## TASK ITEM
Write out the following listing's lines from the one with "then obtain i0" to the one with "using S.group_commutes_pow[of r", exactly, with both included and no others.

## RECORDED DATA

text \<open>Conjugation by elements of \<open>K\<close> acts on \<open>\<langle>r\<rangle>\<close> through exponents, and exponents commute;
  hence the reflections \<open>\<rho>\<sigma>\<close> and \<open>\<sigma>\<rho>\<close> act alike on \<open>\<langle>r\<rangle>\<close>.\<close>

lemma kappa_commutes_block_cycle:
  assumes r: "block_cycle C r"
  shows "kappa \<otimes>\<^bsub>S\<^esub> r = r \<otimes>\<^bsub>S\<^esub> kappa"
proof -
  have rB: "r \<in> Bij \<Omega>" using block_cycle_Bij[OF r] .
  have rhoB: "rho \<in> Bij \<Omega>" and sigmaB: "sigma \<in> Bij \<Omega>" using rho_Kv sigma_Kv Kv_Bij by auto
  have "rho \<in> K" "sigma \<in> K" using rho_Kv sigma_Kv Kv_subset_K by auto
  then obtain a b :: nat where
    a: "rho \<otimes>\<^bsub>S\<^esub> r \<otimes>\<^bsub>S\<^esub> inv\<^bsub>S\<^esub> rho = r [^]\<^bsub>S\<^esub> a" and
    b: "sigma \<otimes>\<^bsub>S\<^esub> r \<otimes>\<^bsub>S\<^esub> inv\<^bsub>S\<^esub> sigma = r [^]\<^bsub>S\<^esub> b"
    using r unfolding block_cycle_def by meson
  have "(rho \<otimes>\<^bsub>S\<^esub> sigma) \<otimes>\<^bsub>S\<^esub> r \<otimes>\<^bsub>S\<^esub> inv\<^bsub>S\<^esub> (rho \<otimes>\<^bsub>S\<^esub> sigma)
      = rho \<otimes>\<^bsub>S\<^esub> (sigma \<otimes>\<^bsub>S\<^esub> r \<otimes>\<^bsub>S\<^esub> inv\<^bsub>S\<^esub> sigma) \<otimes>\<^bsub>S\<^esub> inv\<^bsub>S\<^esub> rho"
    using S.conj_conj[of rho sigma r] rhoB sigmaB rB by simp
  also have "\<dots> = r [^]\<^bsub>S\<^esub> (a * b)"
    using b S.conj_nat_pow_if_conj_eq_pow[of rho r a b] a rhoB rB by simp
  finally have X: "(rho \<otimes>\<^bsub>S\<^esub> sigma) \<otimes>\<^bsub>S\<^esub> r \<otimes>\<^bsub>S\<^esub> inv\<^bsub>S\<^esub> (rho \<otimes>\<^bsub>S\<^esub> sigma) = r [^]\<^bsub>S\<^esub> (a * b)" .
  have "(sigma \<otimes>\<^bsub>S\<^esub> rho) \<otimes>\<^bsub>S\<^esub> r \<otimes>\<^bsub>S\<^esub> inv\<^bsub>S\<^esub> (sigma \<otimes>\<^bsub>S\<^esub> rho)
      = sigma \<otimes>\<^bsub>S\<^esub> (rho \<otimes>\<^bsub>S\<^esub> r \<otimes>\<^bsub>S\<^esub> inv\<^bsub>S\<^esub> rho) \<otimes>\<^bsub>S\<^esub> inv\<^bsub>S\<^esub> sigma"
    using S.conj_conj[of sigma rho r] rhoB sigmaB rB by simp
  also have "\<dots> = r [^]\<^bsub>S\<^esub> (a * b)"
    using a S.conj_nat_pow_if_conj_eq_pow[of sigma r b a] b sigmaB rB by (simp add: mult.commute)
  finally have Y: "(sigma \<otimes>\<^bsub>S\<^esub> rho) \<otimes>\<^bsub>S\<^esub> r \<otimes>\<^bsub>S\<^esub> inv\<^bsub>S\<^esub> (sigma \<otimes>\<^bsub>S\<^esub> rho) = r [^]\<^bsub>S\<^esub> (a * b)" .
  have "(inv\<^bsub>S\<^esub> (sigma \<otimes>\<^bsub>S\<^esub> rho) \<otimes>\<^bsub>S\<^esub> (rho \<otimes>\<^bsub>S\<^esub> sigma)) \<otimes>\<^bsub>S\<^esub> r
      = r \<otimes>\<^bsub>S\<^esub> (inv\<^bsub>S\<^esub> (sigma \<otimes>\<^bsub>S\<^esub> rho) \<otimes>\<^bsub>S\<^esub> (rho \<otimes>\<^bsub>S\<^esub> sigma))"
    by (rule S.commutes_if_conj_eq) (use rhoB sigmaB rB X Y in simp_all)
  then show ?thesis unfolding kappa_eq inv_sigma_rho .
qed

lemma kappa_pow_p_fixes_block:
  assumes C: "C \<in> \<B>" and r: "block_cycle C r" and x: "x \<in> C"
  shows "(kappa [^]\<^bsub>S\<^esub> p) x = x"
proof -
  have rB: "r \<in> Bij \<Omega>" using block_cycle_Bij[OF r] .
  have x\<Omega>: "x \<in> \<Omega>" using x block_subset[OF C] by blast
  have "kappa x \<in> C" using K_maps_block[OF _ C x] kappa_Kv Kv_subset_K by blast
  then obtain i0 :: nat where i0: "(r [^]\<^bsub>S\<^esub> i0) x = kappa x"
    using r x unfolding block_cycle_def by blast
  have commute: "kappa \<otimes>\<^bsub>S\<^esub> r [^]\<^bsub>S\<^esub> j = r [^]\<^bsub>S\<^esub> j \<otimes>\<^bsub>S\<^esub> kappa" for j :: nat
    using S.group_commutes_pow[of r kappa j] kappa_commutes_block_cycle[OF r] kappa_Bij rB by simp
  have pow: "(kappa [^]\<^bsub>S\<^esub> k) x = (r [^]\<^bsub>S\<^esub> (i0 * k)) x" for k :: nat
  proof (induction k)
    case (Suc k)
    have "(kappa [^]\<^bsub>S\<^esub> Suc k) x = kappa ((r [^]\<^bsub>S\<^esub> (i0 * k)) x)"
      using Suc kappa_Bij x\<Omega> S.nat_pow_Suc2[of kappa k]
      by (simp add: BijGroup_mult_apply del: S.nat_pow_Suc)
    also have "\<dots> = (kappa \<otimes>\<^bsub>S\<^esub> r [^]\<^bsub>S\<^esub> (i0 * k)) x"
      using kappa_Bij rB x\<Omega> by (simp add: BijGroup_mult_apply)
    also have "\<dots> = (r [^]\<^bsub>S\<^esub> (i0 * k) \<otimes>\<^bsub>S\<^esub> kappa) x" by (simp only: commute)
    also have "\<dots> = (r [^]\<^bsub>S\<^esub> (i0 * k)) ((r [^]\<^bsub>S\<^esub> i0) x)"
      using kappa_Bij rB x\<Omega> i0 by (simp add: BijGroup_mult_apply)
    also have "\<dots> = (r [^]\<^bsub>S\<^esub> (i0 * k) \<otimes>\<^bsub>S\<^esub> r [^]\<^bsub>S\<^esub> i0) x"
      using rB x\<Omega> by (simp add: BijGroup_mult_apply)
    also have "\<dots> = (r [^]\<^bsub>S\<^esub> (i0 * Suc k)) x"
      using rB by (simp add: S.nat_pow_mult add.commute)
    finally show ?case .
  qed simp
  have "(kappa [^]\<^bsub>S\<^esub> p) x = ((r [^]\<^bsub>S\<^esub> p) [^]\<^bsub>S\<^esub> i0) x"
    using pow[of p] rB by (simp add: S.nat_pow_pow mult.commute)
  also have "\<dots> = x" using r x\<Omega> unfolding block_cycle_def by (simp add: BijGroup_one_apply)
  finally show ?thesis .
qed

lemma kappa_pow_p: "kappa [^]\<^bsub>S\<^esub> p = \<one>\<^bsub>S\<^esub>"
proof (rule BijGroup_eq_oneI)
  show "kappa [^]\<^bsub>S\<^esub> p \<in> Bij \<Omega>" using kappa_Bij by simp
  fix x assume "x \<in> \<Omega>"
  then obtain C where C: "C \<in> \<B>" "x \<in> C" using block_exists by blast
  then obtain r where "block_cycle C r" using exists_block_cycle by blast
  then show "(kappa [^]\<^bsub>S\<^esub> p) x = x" using kappa_pow_p_fixes_block C by blast
qed

lemma m_dvd_2p: "m dvd 2 * p"
proof -
  have "((- 2) mod int m, False) \<in> carrier D" using m_ge_3 by (simp add: carrier_dihedral_group)
  then have "((- 2) mod int m, False) [^]\<^bsub>D\<^esub> p = (0, False)"
    using phi_pow[OF kappa_Kv, of p] kappa_pow_p phi_one phi_psi unfolding kappa_def by simp
  then have "int m dvd int p * (- 2)"
    by (simp add: dihedral_group_pow_rotation mod_mult_right_eq dvd_eq_mod_eq_0)
  then have "int m dvd int (2 * p)" by (simp add: mult.commute)
  then show ?thesis by (simp only: int_dvd_int_iff)
qed

lemma m_eq_p_or_2p: "m = p \<or> m = 2 * p"
proof -
  obtain t where t: "m = p * t" using p_dvd_m by blast
  then have "t dvd 2" using m_dvd_2p p_pos by (simp add: mult.commute)
  then have "t = 1 \<or> t = 2" using dvd_imp_le[of t 2] m_pos t by (auto simp: le_Suc_eq)
  then show ?thesis using t by auto
qed

section \<open>The decomposition of \<open>K\<close>\<close>

lemma card_K: "card K = p * (2 * m)"
proof -
  have "perm_orbit K v = B"
  proof
    show "perm_orbit K v \<subseteq> B" using K_maps_block[OF _ B_block v_in_B] unfolding perm_orbit_def by blast
    show "B \<subseteq> perm_orbit K v"
    proof
      fix y assume "y \<in> B"
      then obtain k where "k \<in> K" "k v = y" using K_transitive_on_block[OF B_block] v_in_B by blast
      then show "y \<in> perm_orbit K v" unfolding perm_orbit_def by blast
    qed
  qed
  moreover have "{g \<in> K. g v = v} = Kv" by (simp add: point_stabilizer_def)
  ultimately have "card B * card Kv = card K"
    using card_perm_orbit_mult_card_stabilizer[OF finite_\<Omega> subgroup_K v_in_\<Omega>] by simp
  then show ?thesis using card_block B_block card_Kv by simp
qed

definition rB :: "'a \<Rightarrow> 'a" where "rB = (SOME r. block_cycle B r)"

lemma block_cycle_rB: "block_cycle B rB"
  unfolding rB_def using exists_block_cycle[OF B_block] by (rule someI_ex)

lemma rB_K: "rB \<in> K" and rB_pow_p: "rB [^]\<^bsub>S\<^esub> p = \<one>\<^bsub>S\<^esub>"
  and rB_transitive: "\<forall>x\<in>B. \<forall>y\<in>B. \<exists>i::nat. (rB [^]\<^bsub>S\<^esub> i) x = y"
  and conj_rB_eq_pow: "k \<in> K \<Longrightarrow> \<exists>e::nat. k \<otimes>\<^bsub>S\<^esub> rB \<otimes>\<^bsub>S\<^esub> inv\<^bsub>S\<^esub> k = rB [^]\<^bsub>S\<^esub> e"
  using block_cycle_rB unfolding block_cycle_def by blast+

lemma rB_Bij: "rB \<in> Bij \<Omega>" using rB_K K_Bij by blast

lemma rB_pow_mod: "rB [^]\<^bsub>S\<^esub> (i mod p) = rB [^]\<^bsub>S\<^esub> (i::nat)"
  using S.nat_pow_mod_eq rB_Bij rB_pow_p by simp

lemma rB_orbit_v: "(\<lambda>i. (rB [^]\<^bsub>S\<^esub> i) v) ` {..<p} = B"
proof
  show "(\<lambda>i. (rB [^]\<^bsub>S\<^esub> i) v) ` {..<p} \<subseteq> B"
    using K_maps_block[OF K_pow[OF rB_K] B_block v_in_B] by blast
  show "B \<subseteq> (\<lambda>i. (rB [^]\<^bsub>S\<^esub> i) v) ` {..<p}"
  proof
    fix y assume "y \<in> B"
    then obtain i :: nat where "(rB [^]\<^bsub>S\<^esub> i) v = y" using rB_transitive v_in_B by blast
    moreover have "i mod p < p" using p_pos by simp
    ultimately show "y \<in> (\<lambda>i. (rB [^]\<^bsub>S\<^esub> i) v) ` {..<p}"
      using rB_pow_mod[of i] by (metis image_eqI lessThan_iff)
  qed
qed

lemma inj_on_rB_orbit_v: "inj_on (\<lambda>i. (rB [^]\<^bsub>S\<^esub> i) v) {..<p}"
  by (rule eq_card_imp_inj_on) (simp_all add: rB_orbit_v card_block B_block)

lemma rB_pow_fixes_v_imp_one: "(rB [^]\<^bsub>S\<^esub> (k::nat)) v = v \<Longrightarrow> rB [^]\<^bsub>S\<^esub> k = \<one>\<^bsub>S\<^esub>"
proof -
  assume "(rB [^]\<^bsub>S\<^esub> k) v = v"
  then have "(rB [^]\<^bsub>S\<^esub> (k mod p)) v = (rB [^]\<^bsub>S\<^esub> (0::nat)) v"
    using rB_pow_mod v_in_\<Omega> by (simp add: BijGroup_one_apply)
  then have "k mod p = 0" using inj_on_rB_orbit_v p_pos by (simp add: inj_on_def)
  then show ?thesis using rB_pow_mod[of k] by simp
qed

## REPLY
  then obtain i0 :: nat where i0: "(r [^]\<^bsub>S\<^esub> i0) x = kappa x"
    using r x unfolding block_cycle_def by blast
  have commute: "kappa \<otimes>\<^bsub>S\<^esub> r [^]\<^bsub>S\<^esub> j = r [^]\<^bsub>S\<^esub> j \<otimes>\<^bsub>S\<^esub> kappa" for j :: nat
    using S.group_commutes_pow[of r kappa j] kappa_commutes_block_cycle[OF r] kappa_Bij rB by simp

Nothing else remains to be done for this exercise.